Cultivation: The preference is full to partial sun, mesic conditions, and soil containing loam, clay-loam, sandy loam, or some rocky material. This plant usually remains erect while in bloom and it is able to tolerate hot dry weather if it is not too prolonged. The foliage is occasional marred by powdery mildew and other foliar diseases to some extent; good air circulation reduces this vulnerability. Smooth Blue Aster is easy to cultivate in gardens if taller and more aggressive plants are kept away from it.
Range & Habitat: The native Smooth Blue Aster occurs occasionally in most counties of Illinois, but it is uncommon or absent in western and SE Illinois (see Distribution Map). Habitats include mesic black soil prairies, hill prairies, savannas, rocky open woodlands, sandy woodlands, woodland edges, thickets, limestone glades, and roadside embankments. Smooth Blue Aster is usually found in higher quality natural areas where the original ground flora is intact. It is sometimes cultivated in gardens because of its attractive foliage and flowerheads.
Faunal Associations: The nectar and pollen of the flowerheads attract honeybees, bumblebees, cuckoo bees (Triepeolus spp., Coelioxys spp.), digger bees (Melissodes spp.), leaf-cutting bees (Megachile spp.), Halictid bees (Agapostemon spp., Halictus spp., Lasioglossum spp.), Andrenid bees (including the oligolectic bee, Andrena asteris), Sphecid wasps, Syrphid flies (Eristalis spp., Helophilus spp., Syrphus spp., Toxomerus spp.), Muscid flies, butterflies, and skippers (see Graenicher). Other insects feed destructively on the leaves, flowerheads, and other parts of Smooth Blue Aster. These species include a leaf beetle (Ophraella pilosa), larvae of a leaf-mining fly (Nemorimyza posticata), larvae of the Papery Blister Gall Midge (Asteromyia laeviana), the Short-winged Meadow Katydid (Conocephalus brevipennis), and caterpillars of a butterfly, the Pearl Crescent (Phyciodes tharos); see Clark et al. (2004), Needham et al. (1928), Felt (1917), Gangwere (1961), and Opler & Krizek (1984). The Insect Table and Moth Table list additional insects that feed on this and other asters (Aster spp.). Two upland gamebirds, the Ruffed Grouse and Wild Turkey, feed on both the leaves and seeds of asters. The Tree Sparrow and White-footed Mouse also eat the seeds. The young foliage of these plants is browsed occasionally by various mammalian herbivores, including deer, rabbits, groundhogs, horses, cattle, and sheep.

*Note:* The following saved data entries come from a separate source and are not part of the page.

(* A subset $\mathcal R$ of $\mathcal G$ is a $Z$-regulus if and only if the following three conditions hold: (D1) the elements of $\mathcal R$ are mutually distant and $|\mathcal R|\ge 3$; (D2) whenever $E_0,E_1,E_2\in\mathcal R$ are mutually distinct and $W\in\mathcal G$ is adjacent to $E_0$ and not distant from $E_1$ and not distant from $E_2$, then $W$ is not distant from any $E\in\mathcal R$; (D3) $\mathcal R$ is not properly contained in any subset of $\mathcal G$ satisfying (D1) and (D2).
   Context: $K$ is a (not necessarily commutative) field with centre $Z$, and $V$ is a left vector space over $K$ of arbitrary (possibly infinite) dimension with $\dim V>2$. $\mathcal G:=\{X\le V\mid X\cong V/X\}$, assumed nonempty. Points are $1$-dimensional and lines $2$-dimensional subspaces; two subspaces meet if they have a common point. $X,Y\in\mathcal G$ are adjacent if $\dim((X+Y)/X)=\dim((X+Y)/Y)=1$, and distant if $V=X\oplus Y$. A $Z$-regulus is a subset $\mathcal R\subseteq\mathcal G$ such that (R1) its elements are mutually distant and $|\mathcal R|\ge3$; (R2) if a line meets three mutually distinct elements of $\mathcal R$ then it meets all elements of $\mathcal R$; (R3) $\mathcal R$ is not properly contained in any subset of $\mathcal G$ satisfying (R1) and (R2). *)

theory Defs
  imports Main
begin

text \<open>A left vector space V (the whole type 'v) over a (not necessarily commutative)
  field K, i.e. a division ring 'k.\<close>

definition left_vector_space :: "('k::division_ring \<Rightarrow> 'v::ab_group_add \<Rightarrow> 'v) \<Rightarrow> bool" where
  "left_vector_space scale \<longleftrightarrow>
     (\<forall>a x y. scale a (x + y) = scale a x + scale a y) \<and>
     (\<forall>a b x. scale (a + b) x = scale a x + scale b x) \<and>
     (\<forall>a b x. scale a (scale b x) = scale (a * b) x) \<and>
     (\<forall>x. scale 1 x = x)"

definition subspace :: "('k::division_ring \<Rightarrow> 'v::ab_group_add \<Rightarrow> 'v) \<Rightarrow> 'v set \<Rightarrow> bool" where
  "subspace scale X \<longleftrightarrow> 0 \<in> X \<and> (\<forall>x\<in>X. \<forall>y\<in>X. x + y \<in> X) \<and> (\<forall>a. \<forall>x\<in>X. scale a x \<in> X)"
definition clique :: "'v set \<Rightarrow> ('v \<Rightarrow> 'v \<Rightarrow> bool) \<Rightarrow> 'v set \<Rightarrow> bool" where
  "clique V E K \<longleftrightarrow> K \<subseteq> V \<and> (\<forall>x\<in>K. \<forall>y\<in>K. x \<noteq> y \<longrightarrow> E x y)"

definition max_clique :: "'v set \<Rightarrow> ('v \<Rightarrow> 'v \<Rightarrow> bool) \<Rightarrow> 'v set \<Rightarrow> bool" where
  "max_clique V E K \<longleftrightarrow> clique V E K \<and> (\<forall>K'. clique V E K' \<and> K \<subseteq> K' \<longrightarrow> K' = K)"

definition clique_equiv :: "'v set \<Rightarrow> ('v \<Rightarrow> 'v \<Rightarrow> bool) \<Rightarrow> 'v \<Rightarrow> 'v \<Rightarrow> bool" where
  "clique_equiv V E u v \<longleftrightarrow> (\<forall>K. max_clique V E K \<longrightarrow> (u \<in> K \<longleftrightarrow> v \<in> K))"

definition equiv_class :: "'v set \<Rightarrow> ('v \<Rightarrow> 'v \<Rightarrow> bool) \<Rightarrow> 'v \<Rightarrow> 'v set" where
  "equiv_class V E v = {u \<in> V. clique_equiv V E u v}"

definition classes_meeting :: "'v set \<Rightarrow> ('v \<Rightarrow> 'v \<Rightarrow> bool) \<Rightarrow> 'v set \<Rightarrow> nat" where
  "classes_meeting V E K = card {C \<in> equiv_class V E ` V. C \<inter> K \<noteq> {}}"

definition omega_tilde :: "'v set \<Rightarrow> ('v \<Rightarrow> 'v \<Rightarrow> bool) \<Rightarrow> nat" where
  "omega_tilde V E = Max {classes_meeting V E K | K. max_clique V E K}"

definition induced_sub :: "'w set \<times> ('w \<Rightarrow> 'w \<Rightarrow> bool) \<Rightarrow> 'v set \<Rightarrow> ('v \<Rightarrow> 'v \<Rightarrow> bool) \<Rightarrow> bool" where
  "induced_sub H V E \<longleftrightarrow> (\<exists>h. inj_on h (fst H) \<and> h ` fst H \<subseteq> V \<and>
      (\<forall>x\<in>fst H. \<forall>y\<in>fst H. snd H x y \<longleftrightarrow> E (h x) (h y)))"

text \<open>Template graphs on vertices (False,i) = x_i and (True,i) = y_i, 1 \<le> i \<le> n.
  B is the bipartite relation (x_i y_j is an edge iff B i j); X is always a clique,
  Y is a clique iff cY.\<close>
definition tmpl_V :: "nat \<Rightarrow> (bool \<times> nat) set" where
  "tmpl_V n = {(b, i). 1 \<le> i \<and> i \<le> n}"

definition tmpl :: "(nat \<Rightarrow> nat \<Rightarrow> bool) \<Rightarrow> bool \<Rightarrow> nat \<Rightarrow> (bool \<times> nat) set \<times> ((bool \<times> nat) \<Rightarrow> (bool \<times> nat) \<Rightarrow> bool)" where
  "tmpl B cY n = (tmpl_V n, (\<lambda>u v. u \<in> tmpl_V n \<and> v \<in> tmpl_V n \<and> u \<noteq> v \<and>
      ((\<not> fst u \<and> \<not> fst v) \<or> (cY \<and> fst u \<and> fst v)
       \<or> (\<not> fst u \<and> fst v \<and> B (snd u) (snd v))
       \<or> (fst u \<and> \<not> fst v \<and> B (snd v) (snd u)))))"

definition matching_rel :: "nat \<Rightarrow> nat \<Rightarrow> bool" where "matching_rel i j \<longleftrightarrow> i = j"
definition antimatching_rel :: "nat \<Rightarrow> nat \<Rightarrow> bool" where "antimatching_rel i j \<longleftrightarrow> i \<noteq> j"
definition half_rel :: "nat \<Rightarrow> nat \<Rightarrow> bool" where "half_rel i j \<longleftrightarrow> i \<le> j"

definition M_KI where "M_KI = tmpl matching_rel False"
definition M_KK where "M_KK = tmpl matching_rel True"
definition A_KI where "A_KI = tmpl antimatching_rel False"
definition A_KK where "A_KK = tmpl antimatching_rel True"
definition H_KI where "H_KI = tmpl half_rel False"
definition H_KK where "H_KK = tmpl half_rel True"

definition family_A where "family_A = {M_KI, M_KK, A_KI, A_KK, H_KI, H_KK}"

definition p_fam :: "(nat \<Rightarrow> 'w set \<times> ('w \<Rightarrow> 'w \<Rightarrow> bool)) set \<Rightarrow> 'v set \<Rightarrow> ('v \<Rightarrow> 'v \<Rightarrow> bool) \<Rightarrow> nat" where
  "p_fam F V E = Max (insert 0 {n. 1 \<le> n \<and> (\<exists>X\<in>F. induced_sub (X n) V E)})"

end

theory Submission
  imports Defs "HOL-Library.Ramsey"
begin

Photographic Location: The photographs were taken at a restored prairie of Meadowbrook Park in Urbana, Illinois, and at a small restored prairie along a drainage ditch in the same city.

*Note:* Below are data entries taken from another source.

(* Let $\alpha>0$ and let $\mu$ be a positive Borel measure on $\mathbb{C}$ satisfying condition (M). Then the Toeplitz operator $T_\mu$ is bounded on $F^\infty_\alpha$ if and only if $\tilde{\mu}_1\in L^\infty(\mathbb{C},dA)$.
   Context: $F^\infty_\alpha$ is the space of entire functions $f$ with $\|f\|_{\infty,\alpha}=\sup_{z}|f(z)|e^{-\alpha|z|^2/2}<\infty$. $K_z(w)=e^{\alpha\bar z w}$. $\mu$ satisfies condition (M) if $\int_{\mathbb{C}}|K_z(w)|^2e^{-\alpha|w|^2}\,d\mu(w)<\infty$ for all $z\in\mathbb{C}$. The Toeplitz operator on $F^\infty_\alpha$ is $T_\mu f(z)=\int_{\mathbb{C}}f(w)\overline{K_z(w)}e^{-\alpha|w|^2}\,d\mu(w)$. For $t>0$, $\tilde{\mu}_t(z)=\frac{\alpha}{\pi}\int_{\mathbb{C}}e^{-\alpha t|z-w|^2/2}\,d\mu(w)$; $dA$ is area measure. *)

theory Defs
  imports "HOL-Analysis.Analysis"
begin

definition fock_kernel :: "real \<Rightarrow> complex \<Rightarrow> complex \<Rightarrow> complex" where
  "fock_kernel \<alpha> z w = exp (complex_of_real \<alpha> * cnj z * w)"

definition fock_inf_norm :: "real \<Rightarrow> (complex \<Rightarrow> complex) \<Rightarrow> real" where
  "fock_inf_norm \<alpha> f = (SUP z. norm (f z) * exp (- \<alpha> * (norm z)\<^sup>2 / 2))"

definition fock_inf :: "real \<Rightarrow> (complex \<Rightarrow> complex) set" where
  "fock_inf \<alpha> = {f. f holomorphic_on UNIV \<and>
      (\<exists>M. \<forall>z. norm (f z) * exp (- \<alpha> * (norm z)\<^sup>2 / 2) \<le> M)}"

definition condition_M :: "real \<Rightarrow> complex measure \<Rightarrow> bool" where
  "condition_M \<alpha> \<mu> \<longleftrightarrow> (\<forall>z. (\<integral>\<^sup>+ w. ennreal ((norm (fock_kernel \<alpha> z w))\<^sup>2
        * exp (- \<alpha> * (norm w)\<^sup>2)) \<partial>\<mu>) < \<infinity>)"

definition toeplitz_integrand :: "real \<Rightarrow> (complex \<Rightarrow> complex) \<Rightarrow> complex \<Rightarrow> complex \<Rightarrow> complex" where
  "toeplitz_integrand \<alpha> f z w =
     f w * cnj (fock_kernel \<alpha> z w) * complex_of_real (exp (- \<alpha> * (norm w)\<^sup>2))"

definition toeplitz :: "real \<Rightarrow> complex measure \<Rightarrow> (complex \<Rightarrow> complex) \<Rightarrow> complex \<Rightarrow> complex" where
  "toeplitz \<alpha> \<mu> f z = (\<integral> w. toeplitz_integrand \<alpha> f z w \<partial>\<mu>)"

definition toeplitz_bounded_fock_inf :: "real \<Rightarrow> complex measure \<Rightarrow> bool" where
  "toeplitz_bounded_fock_inf \<alpha> \<mu> \<longleftrightarrow>
     (\<exists>C. \<forall>f \<in> fock_inf \<alpha>.
        (\<forall>z. integrable \<mu> (toeplitz_integrand \<alpha> f z)) \<and>
        toeplitz \<alpha> \<mu> f \<in> fock_inf \<alpha> \<and>
        fock_inf_norm \<alpha> (toeplitz \<alpha> \<mu> f) \<le> C * fock_inf_norm \<alpha> f)"

definition mu_tilde :: "real \<Rightarrow> real \<Rightarrow> complex measure \<Rightarrow> complex \<Rightarrow> ennreal" where
  "mu_tilde \<alpha> t \<mu> z = ennreal (\<alpha> / pi) *
      (\<integral>\<^sup>+ w. ennreal (exp (- \<alpha> * t * (norm (z - w))\<^sup>2 / 2)) \<partial>\<mu>)"

definition in_Linf_dA :: "(complex \<Rightarrow> ennreal) \<Rightarrow> bool" where
  "in_Linf_dA g \<longleftrightarrow> g \<in> borel_measurable lebesgue \<and>
      (\<exists>C::real. AE z in lebesgue. g z \<le> ennreal C)"

end

theory Submission
  imports Defs "HOL-Probability.Distributions"
begin

(*
  Necessity: the normalized kernels k_p = K_p exp(-alpha |p|^2/2) have norm at most 1, and
  (T_mu k_p)(p) = exp(alpha |p|^2/2) * int exp(-alpha |p - w|^2) dmu(w). Boundedness of T_mu
  therefore bounds these Gaussian integrals uniformly in p; integrating the bound against
  exp(-alpha |z - p|^2) dA(p) and using Fubini turns them into the wider Gaussian
  exp(-alpha |z - w|^2/2), i.e. into a uniform bound on tilde mu_1.

  Sufficiency: tilde mu_1 is lower semicontinuous by Fatou's lemma, so an a.e. bound holds
  everywhere (the exceptional set is open and null). The integrand of T_mu f is dominated by
  ||f|| exp(alpha |z|^2/2) exp(-alpha |z - w|^2/2), which gives the norm estimate. Holomorphy
  follows by differentiating under the integral sign; the needed integrability of
  exp(beta |w|) exp(-alpha |z - w|^2/2) holds because exp(beta |v|) exp(-alpha |v|^2/2) is
  dominated by a multiple of the sum of four translates of exp(-alpha |v|^2/2).
*)

lemma norm_fock_kernel: "norm (fock_kernel \<alpha> z w) = exp (\<alpha> * (z \<bullet> w))"
  by (simp add: fock_kernel_def inner_complex_def algebra_simps)

lemma exp_gauss_expand:
  "exp (- \<alpha> * (cmod (z - w))\<^sup>2 / 2) =
     exp (- \<alpha> * (cmod z)\<^sup>2 / 2) * exp (\<alpha> * (z \<bullet> w)) * exp (- \<alpha> * (cmod w)\<^sup>2 / 2)"
  unfolding dot_norm_neg[of z w] by (simp add: field_simps flip: exp_add)

lemma weighted_norm_bound_nonneg:
  "norm (f w) * exp (- \<alpha> * (cmod w)\<^sup>2 / 2) \<le> N \<Longrightarrow> 0 \<le> N"
  by (erule order_trans[rotated]) simp

lemma norm_toeplitz_integrand_le:
  assumes "norm (f w) * exp (- \<alpha> * (cmod w)\<^sup>2 / 2) \<le> N"
  shows "norm (toeplitz_integrand \<alpha> f z w)
           \<le> N * exp (\<alpha> * (cmod z)\<^sup>2 / 2) * exp (- \<alpha> * (cmod (z - w))\<^sup>2 / 2)"
proof -
  have "norm (f w) \<le> N * exp (\<alpha> * (cmod w)\<^sup>2 / 2)"
    using assms by (simp add: exp_minus field_simps)
  then have "norm (toeplitz_integrand \<alpha> f z w)
      \<le> N * exp (\<alpha> * (cmod w)\<^sup>2 / 2) * exp (\<alpha> * (z \<bullet> w)) * exp (- \<alpha> * (cmod w)\<^sup>2)"
    by (simp add: toeplitz_integrand_def norm_mult norm_fock_kernel)
  also have "\<dots> = N * exp (\<alpha> * (cmod z)\<^sup>2 / 2) * exp (- \<alpha> * (cmod (z - w))\<^sup>2 / 2)"
    unfolding exp_gauss_expand by (simp add: mult.assoc flip: exp_add)
  finally show ?thesis .
qed

lemma norm_le_fock_inf_norm:
  "f \<in> fock_inf \<alpha> \<Longrightarrow> norm (f z) * exp (- \<alpha> * (norm z)\<^sup>2 / 2) \<le> fock_inf_norm \<alpha> f"
  unfolding fock_inf_norm_def fock_inf_def by (rule cSUP_upper) (auto intro: bdd_aboveI2)

lemma fock_inf_norm_le:
  "(\<And>z. norm (f z) * exp (- \<alpha> * (norm z)\<^sup>2 / 2) \<le> B) \<Longrightarrow> fock_inf_norm \<alpha> f \<le> B"
  unfolding fock_inf_norm_def by (rule cSUP_least) auto

lemma fock_inf_norm_nonneg: "f \<in> fock_inf \<alpha> \<Longrightarrow> 0 \<le> fock_inf_norm \<alpha> f"
  by (rule order_trans[OF _ norm_le_fock_inf_norm[of f \<alpha> 0]]) auto

section \<open>Testing on normalized kernels\<close>

definition normalized_fock_kernel :: "real \<Rightarrow> complex \<Rightarrow> complex \<Rightarrow> complex" where
  "normalized_fock_kernel \<alpha> a w = fock_kernel \<alpha> a w * of_real (exp (- \<alpha> * (cmod a)\<^sup>2 / 2))"

lemma norm_normalized_fock_kernel:
  "norm (normalized_fock_kernel \<alpha> a w) * exp (- \<alpha> * (cmod w)\<^sup>2 / 2) = exp (- \<alpha> * (cmod (a - w))\<^sup>2 / 2)"
  unfolding normalized_fock_kernel_def exp_gauss_expand[of \<alpha> a w]
  by (simp add: norm_mult norm_fock_kernel mult_ac)

lemma normalized_fock_kernel_in_fock_inf:
  assumes "\<alpha> \<ge> 0"
  shows "normalized_fock_kernel \<alpha> a \<in> fock_inf \<alpha>"
  unfolding fock_inf_def mem_Collect_eq
proof
  show "normalized_fock_kernel \<alpha> a holomorphic_on UNIV"
    unfolding normalized_fock_kernel_def fock_kernel_def by (intro holomorphic_intros)
  show "\<exists>M. \<forall>z. norm (normalized_fock_kernel \<alpha> a z) * exp (- \<alpha> * (norm z)\<^sup>2 / 2) \<le> M"
    using assms norm_normalized_fock_kernel[of \<alpha> a] by (intro exI[of _ 1]) simp
qed

lemma fock_inf_norm_normalized_fock_kernel:
  "\<alpha> \<ge> 0 \<Longrightarrow> fock_inf_norm \<alpha> (normalized_fock_kernel \<alpha> a) \<le> 1"
  using norm_normalized_fock_kernel[of \<alpha> a] by (intro fock_inf_norm_le) simp

lemma toeplitz_integrand_normalized_fock_kernel:
  "toeplitz_integrand \<alpha> (normalized_fock_kernel \<alpha> a) a w =
     of_real (exp (\<alpha> * (cmod a)\<^sup>2 / 2) * exp (- \<alpha> * (cmod (a - w))\<^sup>2))"
proof -
  have "toeplitz_integrand \<alpha> (normalized_fock_kernel \<alpha> a) a w =
      fock_kernel \<alpha> a w * cnj (fock_kernel \<alpha> a w) *
      of_real (exp (- \<alpha> * (cmod a)\<^sup>2 / 2) * exp (- \<alpha> * (cmod w)\<^sup>2))"
    unfolding toeplitz_integrand_def normalized_fock_kernel_def of_real_mult by (simp only: mult_ac)
  also have "fock_kernel \<alpha> a w * cnj (fock_kernel \<alpha> a w) = of_real ((exp (\<alpha> * (a \<bullet> w)))\<^sup>2)"
    by (simp only: complex_norm_square[symmetric] norm_fock_kernel)
  also have "of_real ((exp (\<alpha> * (a \<bullet> w)))\<^sup>2) * of_real (exp (- \<alpha> * (cmod a)\<^sup>2 / 2) * exp (- \<alpha> * (cmod w)\<^sup>2))
      = (of_real (exp (\<alpha> * (cmod a)\<^sup>2 / 2) * exp (- \<alpha> * (cmod (a - w))\<^sup>2)) :: complex)"
    unfolding of_real_mult[symmetric] dot_norm_neg[of a w]
    by (simp add: power2_eq_square field_simps flip: exp_add)
  finally show ?thesis .
qed

lemma toeplitz_bounded_imp_gauss_integral_bounded:
  fixes \<mu> :: "complex measure"
  assumes "\<alpha> \<ge> 0" and "toeplitz_bounded_fock_inf \<alpha> \<mu>"
  obtains K where "K \<ge> 0" "\<And>p. (\<integral>\<^sup>+ w. ennreal (exp (- \<alpha> * (cmod (p - w))\<^sup>2)) \<partial>\<mu>) \<le> ennreal K"
proof -
  obtain C where C: "\<And>f. f \<in> fock_inf \<alpha> \<Longrightarrow> (\<forall>z. integrable \<mu> (toeplitz_integrand \<alpha> f z)) \<and>
      toeplitz \<alpha> \<mu> f \<in> fock_inf \<alpha> \<and> fock_inf_norm \<alpha> (toeplitz \<alpha> \<mu> f) \<le> C * fock_inf_norm \<alpha> f"
    using assms(2) unfolding toeplitz_bounded_fock_inf_def by blast
  have "(\<integral>\<^sup>+ w. ennreal (exp (- \<alpha> * (cmod (p - w))\<^sup>2)) \<partial>\<mu>) \<le> ennreal \<bar>C\<bar>" for p
  proof -
    define k where "k = normalized_fock_kernel \<alpha> p"
    define c where "c = exp (\<alpha> * (cmod p)\<^sup>2 / 2)"
    define \<phi> where "\<phi> w = exp (- \<alpha> * (cmod (p - w))\<^sup>2)" for w
    have k: "k \<in> fock_inf \<alpha>"
      unfolding k_def by (rule normalized_fock_kernel_in_fock_inf[OF assms(1)])
    have integrand: "toeplitz_integrand \<alpha> k p = (\<lambda>w. of_real (c * \<phi> w))"
      by (simp add: fun_eq_iff k_def c_def \<phi>_def toeplitz_integrand_normalized_fock_kernel)
    have "integrable \<mu> (\<lambda>w. of_real (c * \<phi> w) :: complex)"
      using C[OF k] integrand by metis
    then have "integrable \<mu> (\<lambda>w. c * \<phi> w)"
      by (rule iffD1[OF complex_of_real_integrable_eq])
    then have int_\<phi>: "integrable \<mu> \<phi>" by (simp add: c_def)
    have "integral\<^sup>L \<mu> \<phi> \<ge> 0"
      by (rule integral_nonneg_AE) (simp add: \<phi>_def)
    then have "norm (toeplitz \<alpha> \<mu> k p) = c * integral\<^sup>L \<mu> \<phi>"
      unfolding toeplitz_def integrand by (simp add: c_def norm_mult)
    then have "integral\<^sup>L \<mu> \<phi> = norm (toeplitz \<alpha> \<mu> k p) * exp (- \<alpha> * (norm p)\<^sup>2 / 2)"
      by (simp add: c_def mult.assoc flip: exp_add)
    also have "\<dots> \<le> fock_inf_norm \<alpha> (toeplitz \<alpha> \<mu> k)"
      using C[OF k] by (intro norm_le_fock_inf_norm) blast
    also have "\<dots> \<le> C * fock_inf_norm \<alpha> k"
      using C[OF k] by blast
    also have "\<dots> \<le> \<bar>C\<bar> * 1"
      using fock_inf_norm_nonneg[OF k] fock_inf_norm_normalized_fock_kernel[OF assms(1)]
      unfolding k_def by (intro mult_mono) auto
    finally have "integral\<^sup>L \<mu> \<phi> \<le> \<bar>C\<bar>" by simp
    moreover have "(\<integral>\<^sup>+ w. ennreal (\<phi> w) \<partial>\<mu>) = ennreal (integral\<^sup>L \<mu> \<phi>)"
      by (rule nn_integral_eq_integral[OF int_\<phi>]) (simp add: \<phi>_def)
    ultimately show ?thesis unfolding \<phi>_def by (simp add: ennreal_leI)
  qed
  then show ?thesis by (intro that[of "\<bar>C\<bar>"]) auto
qed

section \<open>Gaussian integrals and the averaging function\<close>

lemma nn_integral_exp_neg_square:
  assumes "c > 0"
  shows "(\<integral>\<^sup>+ t. ennreal (exp (- c * t\<^sup>2)) \<partial>lborel) = ennreal (sqrt (pi / c))"
proof -
  define \<sigma> where "\<sigma> = sqrt (1 / (2 * c))"
  have "\<sigma> > 0" using assms by (simp add: \<sigma>_def)
  have "\<sigma>\<^sup>2 = 1 / (2 * c)" using assms by (simp add: \<sigma>_def)
  then have "exp (- c * t\<^sup>2) = sqrt (pi / c) * normal_density 0 \<sigma> t" for t
    using assms by (simp add: normal_density_def)
  then have "(\<integral>\<^sup>+ t. ennreal (exp (- c * t\<^sup>2)) \<partial>lborel)
      = ennreal (sqrt (pi / c)) * (\<integral>\<^sup>+ t. ennreal (normal_density 0 \<sigma> t) \<partial>lborel)"
    using assms by (subst nn_integral_cmult[symmetric]) (simp_all add: ennreal_mult)
  also have "(\<integral>\<^sup>+ t. ennreal (normal_density 0 \<sigma> t) \<partial>lborel) = 1"
    using \<open>\<sigma> > 0\<close> by (subst nn_integral_eq_integral) auto
  finally show ?thesis by simp
qed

Comments: Smooth Blue Aster (Aster laevis) has many attractive qualities – they include its adaptability, beautiful flowerheads, attractive foliage, and flowering stems that usually remain erect. It's surprising that this aster is not grown more often in flower gardens. Smooth Blue Aster can be distinguished from other asters (Aster spp.) primarily by the lack of hairs on its smooth foliage and stems; its foliage often has grayish or bluish tints. Other asters tend to have leaves that are hairy or rough-textured, while others have stems with lines of hair. Another distinctive characteristic is the lack of petioles – the leaves of Smooth Blue Aster clasp their stems. As a result of a recent taxonomic change, this aster has been reassigned to a different genus and it is often referred to as Symphyotrichum laeve.